[Data excerpts]
--- --- ---
section \<open>Gram determinants\<close>

lemma det_padded_gram_matrix:
  fixes f :: "nat \<Rightarrow> nat \<Rightarrow> real"
  assumes S: "S \<subseteq> {..<N}"
  shows "det (Matrix.mat N N (\<lambda>(i, j). if i \<in> S \<and> j \<in> S then rpair n (f i) (f j) else if i = j then 1 else 0))
    = gram_det n S f"
proof -
  define E where "E i j = (if i \<in> S \<and> j \<in> S then rpair n (f i) (f j) else if i = j then (1::real) else 0)" for i j
  define A where "A = Matrix.mat N N (\<lambda>(i, j). E i j)"
  have A: "A \<in> carrier_mat N N" unfolding A_def by simp
  have term_eq: "signof p * (\<Prod>i = 0..<N. A $$ (i, p i)) =
      (if p permutes S then real_of_int (sign p) * (\<Prod>i \<in> S. rpair n (f i) (f (p i))) else 0)"
    if p: "p permutes {0..<N}" for p
  proof -
    have "(\<Prod>i = 0..<N. A $$ (i, p i)) = (\<Prod>i = 0..<N. E i (p i))"
      using permutes_in_image[OF p] by (intro prod.cong) (auto simp: A_def)
    also have "\<dots> = (if p permutes S then (\<Prod>i \<in> S. rpair n (f i) (f (p i))) else 0)"
    proof (cases "p permutes S")
      case True
      have "(\<Prod>i = 0..<N. E i (p i)) = (\<Prod>i \<in> S. E i (p i))"
        using S True by (intro prod.mono_neutral_right) (auto simp: E_def permutes_not_in)
      also have "\<dots> = (\<Prod>i \<in> S. rpair n (f i) (f (p i)))"
        using permutes_in_image[OF True] by (intro prod.cong) (auto simp: E_def)
      finally show ?thesis using True by simp
    next
      case False
      then obtain i where i: "i \<notin> S" "p i \<noteq> i"
        using p unfolding permutes_def by blast
      then have "i < N" using p unfolding permutes_def by (metis atLeastLessThan_iff le0)
      moreover have "E i (p i) = 0" using i unfolding E_def by auto
      ultimately have "(\<Prod>i = 0..<N. E i (p i)) = 0" by (intro prod_zero) auto
      then show ?thesis using False by simp
    qed
    finally show ?thesis by simp
  qed
  have "det A = (\<Sum>p \<in> {p. p permutes {0..<N}}. signof p * (\<Prod>i = 0..<N. A $$ (i, p i)))"
    by (rule det_def'[OF A])
  also have "\<dots> = (\<Sum>p \<in> {p. p permutes {0..<N}}. if p \<in> {p. p permutes S}
      then real_of_int (sign p) * (\<Prod>i \<in> S. rpair n (f i) (f (p i))) else 0)"
    by (rule sum.cong) (auto simp: term_eq)
  also have "\<dots> = (\<Sum>p \<in> {p. p permutes {0..<N}} \<inter> {p. p permutes S}.
      real_of_int (sign p) * (\<Prod>i \<in> S. rpair n (f i) (f (p i))))"
    by (rule sum.inter_restrict[symmetric]) (simp add: finite_permutations)
  also have "{p. p permutes {0..<N}} \<inter> {p. p permutes S} = {p. p permutes S}"
    using S permutes_subset[of _ S "{0..<N}"] by (auto simp: lessThan_atLeast0)
  finally show ?thesis unfolding A_def E_def gram_det_def by simp
qed

lemma sum_square_lincomb:
  fixes x :: "nat \<Rightarrow> real" and f :: "nat \<Rightarrow> nat \<Rightarrow> real"
  shows "(\<Sum>k \<in> K. (\<Sum>i \<in> S. x i * f i k)\<^sup>2) = (\<Sum>i \<in> S. x i * (\<Sum>j \<in> S. (\<Sum>k \<in> K. f i k * f j k) * x j))"
proof -
  have "(\<Sum>k \<in> K. (\<Sum>i \<in> S. x i * f i k)\<^sup>2) = (\<Sum>k \<in> K. \<Sum>i \<in> S. \<Sum>j \<in> S. x i * (f i k * f j k * x j))"
    by (simp add: power2_eq_square sum_product mult_ac)
  also have "\<dots> = (\<Sum>i \<in> S. \<Sum>j \<in> S. \<Sum>k \<in> K. x i * (f i k * f j k * x j))"
    by (subst sum.swap) (simp add: sum.swap[of _ K])
  also have "\<dots> = (\<Sum>i \<in> S. x i * (\<Sum>j \<in> S. (\<Sum>k \<in> K. f i k * f j k) * x j))"
    by (simp add: sum_distrib_left sum_distrib_right)
  finally show ?thesis .
qed

lemma gram_det_eq_0_imp_kernel:
  fixes f :: "nat \<Rightarrow> nat \<Rightarrow> real"
  assumes "finite S" and "gram_det n S f = 0"
  obtains x where "\<exists>d \<in> S. x d \<noteq> 0" and "\<And>i. i \<in> S \<Longrightarrow> (\<Sum>j \<in> S. rpair n (f i) (f j) * x j) = 0"
proof -
  obtain N where S: "S \<subseteq> {..<N}" using finite_nat_bounded[OF \<open>finite S\<close>] by blast
  define A where "A = Matrix.mat N N (\<lambda>(i, j). if i \<in> S \<and> j \<in> S then rpair n (f i) (f j) else if i = j then (1::real) else 0)"
  have A: "A \<in> carrier_mat N N" unfolding A_def by simp
  have "det A = 0" using det_padded_gram_matrix[OF S, of n f] assms(2) unfolding A_def by simp
  then obtain v where v: "v \<in> carrier_vec N" "v \<noteq> 0\<^sub>v N" "A *\<^sub>v v = 0\<^sub>v N"
    using det_0_iff_vec_prod_zero_field[OF A] by blast
  define x where "x i = v $ i" for i
  have row: "(\<Sum>j \<in> {0..<N}. A $$ (i, j) * x j) = 0" if i: "i < N" for i
  proof -
    have "0 = (A *\<^sub>v v) $ i" using v(3) i by simp
    also have "\<dots> = Matrix.row A i \<bullet> v" using i A by simp
    also have "\<dots> = (\<Sum>j \<in> {0..<N}. A $$ (i, j) * x j)"
      using i v(1) A unfolding Matrix.scalar_prod_def x_def by (intro sum.cong) auto
    finally show ?thesis by simp
  qed
  have outside: "x i = 0" if i: "i < N" "i \<notin> S" for i
  proof -
    have "(\<Sum>j \<in> {0..<N}. A $$ (i, j) * x j) = (\<Sum>j \<in> {0..<N}. if j = i then x i else 0)"
      using i by (intro sum.cong) (auto simp: A_def)
    then show ?thesis using row[OF i(1)] i(1) by simp
  qed
  have "\<exists>d \<in> S. x d \<noteq> 0"
  proof (rule ccontr)
    assume "\<not> (\<exists>d \<in> S. x d \<noteq> 0)"
    then have "v = 0\<^sub>v N" using outside v(1) unfolding x_def by (intro eq_vecI) auto
    then show False using v(2) by simp
  qed
  moreover have "(\<Sum>j \<in> S. rpair n (f i) (f j) * x j) = 0" if i: "i \<in> S" for i
  proof -
    have "(\<Sum>j \<in> {0..<N}. A $$ (i, j) * x j) = (\<Sum>j \<in> {0..<N}. if j \<in> S then rpair n (f i) (f j) * x j else 0)"
      using i S by (intro sum.cong) (auto simp: A_def)
    also have "\<dots> = (\<Sum>j \<in> S. rpair n (f i) (f j) * x j)"
      using S by (simp add: sum.inter_restrict[symmetric] Int_absorb1 lessThan_atLeast0)
    finally show ?thesis using row i S by auto
  qed
  ultimately show ?thesis using that by blast
qed

text \<open>A kernel vector \<open>x\<close> of the Gram matrix gives \<open>\<Sum>i. x i * f i = 0\<close>, and pairing with
  \<open>g d\<close> gives \<open>x d = 0\<close>.\<close>

lemma gram_det_nonzero_if_dual:
  fixes f g :: "nat \<Rightarrow> nat \<Rightarrow> real"
  assumes "finite S"
    and dual: "\<And>c d. c \<in> S \<Longrightarrow> d \<in> S \<Longrightarrow> rpair n (g d) (f c) = (if c = d then 1 else 0)"
  shows "gram_det n S f \<noteq> 0"
proof
  assume "gram_det n S f = 0"
  then obtain x where nonzero: "\<exists>d \<in> S. x d \<noteq> 0"
    and kernel: "\<And>i. i \<in> S \<Longrightarrow> (\<Sum>j \<in> S. rpair n (f i) (f j) * x j) = 0"
    using gram_det_eq_0_imp_kernel[OF \<open>finite S\<close>] by blast
  define y where "y k = (\<Sum>i \<in> S. x i * f i k)" for k
  have "(\<Sum>k \<in> {1..n}. (y k)\<^sup>2) = (\<Sum>i \<in> S. x i * (\<Sum>j \<in> S. rpair n (f i) (f j) * x j))"
    unfolding y_def rpair_def by (rule sum_square_lincomb)
  also have "\<dots> = 0" using kernel by simp
  finally have y0: "y k = 0" if "k \<in> {1..n}" for k
    using sum_nonneg_eq_0_iff[of "{1..n}" "\<lambda>k. (y k)\<^sup>2"] that by simp
  have "x d = 0" if d: "d \<in> S" for d
  proof -
    have "x d = (\<Sum>i \<in> S. x i * (if i = d then 1 else 0))" using d \<open>finite S\<close> by (simp add: if_distrib cong: if_cong)
    also have "\<dots> = (\<Sum>i \<in> S. x i * rpair n (g d) (f i))" using dual d by simp
    also have "\<dots> = (\<Sum>k \<in> {1..n}. g d k * y k)"
      unfolding rpair_def y_def by (simp add: sum_distrib_left mult_ac sum.swap[of _ S])
    also have "\<dots> = 0" using y0 by simp
    finally show ?thesis .
  qed
  then show False using nonzero by blast
qed

lemma covol_nonzero_if_dual:
  assumes "finite S" and "\<And>c d. c \<in> S \<Longrightarrow> d \<in> S \<Longrightarrow> rpair n (g d) (f c) = (if c = d then 1 else 0)"
  shows "covol n S f \<noteq> 0"
  using gram_det_nonzero_if_dual[OF assms] unfolding covol_def by simp

section \<open>Negativity of the real part\<close>

definition prefix_sum :: "nat \<Rightarrow> nat set \<Rightarrow> (nat \<Rightarrow> real) \<Rightarrow> nat \<Rightarrow> nat \<Rightarrow> real" where
  "prefix_sum n D f m t = (\<Sum>a = 1..n. if a < m \<and> same_block D a t then f a else 0)"

lemma prefix_sum_nonneg:
  assumes block_sum: "(\<Sum>a = 1..n. if same_block D a t then f a else 0) = 0"
    and sign_change: "\<And>a b. a \<in> {1..n} \<Longrightarrow> b \<in> {1..n} \<Longrightarrow> a < b \<Longrightarrow> same_block D a t \<Longrightarrow> same_block D b t
      \<Longrightarrow> f a < 0 \<Longrightarrow> f b \<le> 0"
  shows "0 \<le> prefix_sum n D f m t"
proof (cases "\<exists>a \<in> {1..n}. a < m \<and> same_block D a t \<and> f a < 0")
  case True
  then obtain a0 where a0: "a0 \<in> {1..n}" "a0 < m" "same_block D a0 t" "f a0 < 0" by blast
  have "(\<Sum>a = 1..n. if \<not> a < m \<and> same_block D a t then f a else 0) \<le> 0"
    using sign_change[OF a0(1) _ _ a0(3) _ a0(4)] a0(2) by (intro sum_nonpos) auto
  moreover have "prefix_sum n D f m t + (\<Sum>a = 1..n. if \<not> a < m \<and> same_block D a t then f a else 0) = 0"
    unfolding prefix_sum_def sum.distrib[symmetric] using block_sum by (smt (verit) sum.cong)
  ultimately show ?thesis by linarith
next
  case False
  then show ?thesis unfolding prefix_sum_def by (intro sum_nonneg) auto
qed

lemma prefix_sum_pos:
  assumes a0: "a0 \<in> {1..n}" "0 < f a0"
    and sign_change: "\<And>a. a \<in> {1..n} \<Longrightarrow> a < a0 \<Longrightarrow> same_block D a a0 \<Longrightarrow> f a < 0 \<Longrightarrow> f a0 \<le> 0"
  shows "0 < prefix_sum n D f (Suc a0) a0"
proof -
  have "0 \<le> (if a < Suc a0 \<and> same_block D a a0 then f a else 0)" if a: "a \<in> {1..n}" for a
  proof (cases "a < Suc a0 \<and> same_block D a a0")
    case True
    have "\<not> f a < 0" if "a \<noteq> a0" using sign_change[OF a] True that a0(2) by fastforce
    then show ?thesis using True a0(2) by (cases "a = a0") auto
  qed auto
  then have "(if a0 < Suc a0 \<and> same_block D a0 a0 then f a0 else 0) \<le> prefix_sum n D f (Suc a0) a0"
    unfolding prefix_sum_def using a0(1) by (intro member_le_sum) auto
  then show ?thesis using a0(2) by simp
qed

lemma sum_rho_eq_sum_pairs:
  fixes f cc :: "nat \<Rightarrow> real"
  assumes f_const: "\<And>a b. a \<in> {1..n} \<Longrightarrow> b \<in> {1..n} \<Longrightarrow> a < b \<Longrightarrow> same_block DP a b \<Longrightarrow> same_block DS a b
      \<Longrightarrow> f a = f b"
    and cc_const: "\<And>a b. a \<in> {1..n} \<Longrightarrow> b \<in> {1..n} \<Longrightarrow> same_block DP a b \<Longrightarrow> cc a = cc b"
  shows "(\<Sum>k = 1..n. 2 * rho n DP DS k * (cc k * f k))
    = (\<Sum>k = 1..n. \<Sum>b = 1..n. if k < b \<and> same_block DP k b then cc k * f k - cc k * f b else 0)"
proof -
  define I where "I = {1..n}"
  define R where "R k b \<longleftrightarrow> k < b \<and> same_block DP k b \<and> \<not> same_block DS k b" for k b
  define g where "g k = cc k * f k" for k
  have card_times: "real (card {b \<in> I. P b}) * z = (\<Sum>b \<in> I. if P b then z else 0)" for P and z :: real
    unfolding I_def by (simp add: sum.inter_filter[symmetric])
  have rho: "2 * rho n DP DS k = real (card {b \<in> I. R k b}) - real (card {a \<in> I. R a k})" for k
    unfolding rho_def R_def I_def by simp
  have "(\<Sum>k \<in> I. 2 * rho n DP DS k * g k)
      = (\<Sum>k \<in> I. \<Sum>b \<in> I. if R k b then g k else 0) - (\<Sum>k \<in> I. \<Sum>a \<in> I. if R a k then g k else 0)"
    unfolding rho left_diff_distrib sum_subtractf card_times ..
  also have "(\<Sum>k \<in> I. \<Sum>a \<in> I. if R a k then g k else 0) = (\<Sum>k \<in> I. \<Sum>b \<in> I. if R k b then g b else 0)"
    by (rule sum.swap)
  also have "(\<Sum>k \<in> I. \<Sum>b \<in> I. if R k b then g k else 0) - (\<Sum>k \<in> I. \<Sum>b \<in> I. if R k b then g b else 0)
      = (\<Sum>k \<in> I. \<Sum>b \<in> I. if k < b \<and> same_block DP k b then cc k * f k - cc k * f b else 0)"
    \<comment> \<open>pairs in the same block of \<open>DS\<close> contribute nothing\<close>
    unfolding sum_subtractf[symmetric]
  proof (intro sum.cong refl)
    fix k b assume "k \<in> I" "b \<in> I"
    then show "(if R k b then g k else 0) - (if R k b then g b else 0)
        = (if k < b \<and> same_block DP k b then cc k * f k - cc k * f b else 0)"
      using f_const[of k b] cc_const[of k b] unfolding R_def g_def I_def by auto
  qed
  finally show ?thesis unfolding I_def g_def .
qed

lemma sum_pairs_eq_prefix_sums:
  fixes f cc :: "nat \<Rightarrow> real"
  assumes cc_const: "\<And>a b. a \<in> {1..n} \<Longrightarrow> b \<in> {1..n} \<Longrightarrow> same_block DP a b \<Longrightarrow> cc a = cc b"
    and block_sum: "\<And>t. t \<in> {1..n} \<Longrightarrow> (\<Sum>a = 1..n. if same_block DP a t then f a else 0) = 0"
  shows "(\<Sum>k = 1..n. \<Sum>b = 1..n. if k < b \<and> same_block DP k b then cc k * f k - cc k * f b else 0)
    = (\<Sum>k = 1..n. cc k * (prefix_sum n DP f k k + prefix_sum n DP f (Suc k) k))"
proof -
  define I where "I = {1..n}"
  define R where "R k b \<longleftrightarrow> k < b \<and> same_block DP k b" for k b
  have "(\<Sum>k \<in> I. \<Sum>b \<in> I. if R k b then cc k * f k else 0) = (\<Sum>b \<in> I. \<Sum>k \<in> I. if R k b then cc k * f k else 0)"
    by (rule sum.swap)
  also have "\<dots> = (\<Sum>b \<in> I. cc b * prefix_sum n DP f b b)"
    unfolding prefix_sum_def sum_distrib_left I_def
  proof (intro sum.cong refl)
    fix b k assume "b \<in> {1..n}" "k \<in> {1..n}"
    then show "(if R k b then cc k * f k else 0) = cc b * (if k < b \<and> same_block DP k b then f k else 0)"
      using cc_const[of k b] by (auto simp: R_def)
  qed
  finally have first: "(\<Sum>k \<in> I. \<Sum>b \<in> I. if R k b then cc k * f k else 0) = \<dots>" .
  have second: "(\<Sum>b \<in> I. if R k b then cc k * f b else 0) = cc k * (- prefix_sum n DP f (Suc k) k)"
    if k: "k \<in> I" for k
  proof -
    have "(\<Sum>b \<in> I. if same_block DP b k then f b else 0)
        = (\<Sum>b \<in> I. if R k b then f b else 0) + prefix_sum n DP f (Suc k) k"
      unfolding prefix_sum_def I_def[symmetric] sum.distrib[symmetric]
      by (intro sum.cong refl) (auto simp: R_def same_block_sym)
    then have "(\<Sum>b \<in> I. if R k b then f b else 0) = - prefix_sum n DP f (Suc k) k"
      using block_sum k unfolding I_def by simp
    moreover have "(\<Sum>b \<in> I. if R k b then cc k * f b else 0) = cc k * (\<Sum>b \<in> I. if R k b then f b else 0)"
      unfolding sum_distrib_left by (rule sum.cong) auto
    ultimately show ?thesis by simp
  qed
  have "(\<Sum>k \<in> I. \<Sum>b \<in> I. if R k b then cc k * f k - cc k * f b else 0)
      = (\<Sum>k \<in> I. \<Sum>b \<in> I. if R k b then cc k * f k else 0) - (\<Sum>k \<in> I. \<Sum>b \<in> I. if R k b then cc k * f b else 0)"
    unfolding sum_subtractf[symmetric] by (intro sum.cong refl) auto
  also have "(\<Sum>k \<in> I. \<Sum>b \<in> I. if R k b then cc k * f b else 0) = (\<Sum>k \<in> I. cc k * (- prefix_sum n DP f (Suc k) k))"
    using second by (rule sum.cong[OF refl])
  also note first
  also have "(\<Sum>b \<in> I. cc b * prefix_sum n DP f b b) - (\<Sum>k \<in> I. cc k * (- prefix_sum n DP f (Suc k) k))
      = (\<Sum>k \<in> I. cc k * (prefix_sum n DP f k k + prefix_sum n DP f (Suc k) k))"
    by (simp add: sum_subtractf[symmetric] algebra_simps)
  finally show ?thesis unfolding I_def R_def .
qed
--- --- ---
_Instructions for the task_
Reproduce, exactly as they stand in the data above, the lines from the one that holds "using gram_det_nonzero_if_dual[OF assms]" to the one that holds "if same_block D a", inclusive.

_Solution to the problem_
  using gram_det_nonzero_if_dual[OF assms] unfolding covol_def by simp

section \<open>Negativity of the real part\<close>

definition prefix_sum :: "nat \<Rightarrow> nat set \<Rightarrow> (nat \<Rightarrow> real) \<Rightarrow> nat \<Rightarrow> nat \<Rightarrow> real" where
  "prefix_sum n D f m t = (\<Sum>a = 1..n. if a < m \<and> same_block D a t then f a else 0)"

lemma prefix_sum_nonneg:
  assumes block_sum: "(\<Sum>a = 1..n. if same_block D a t then f a else 0) = 0"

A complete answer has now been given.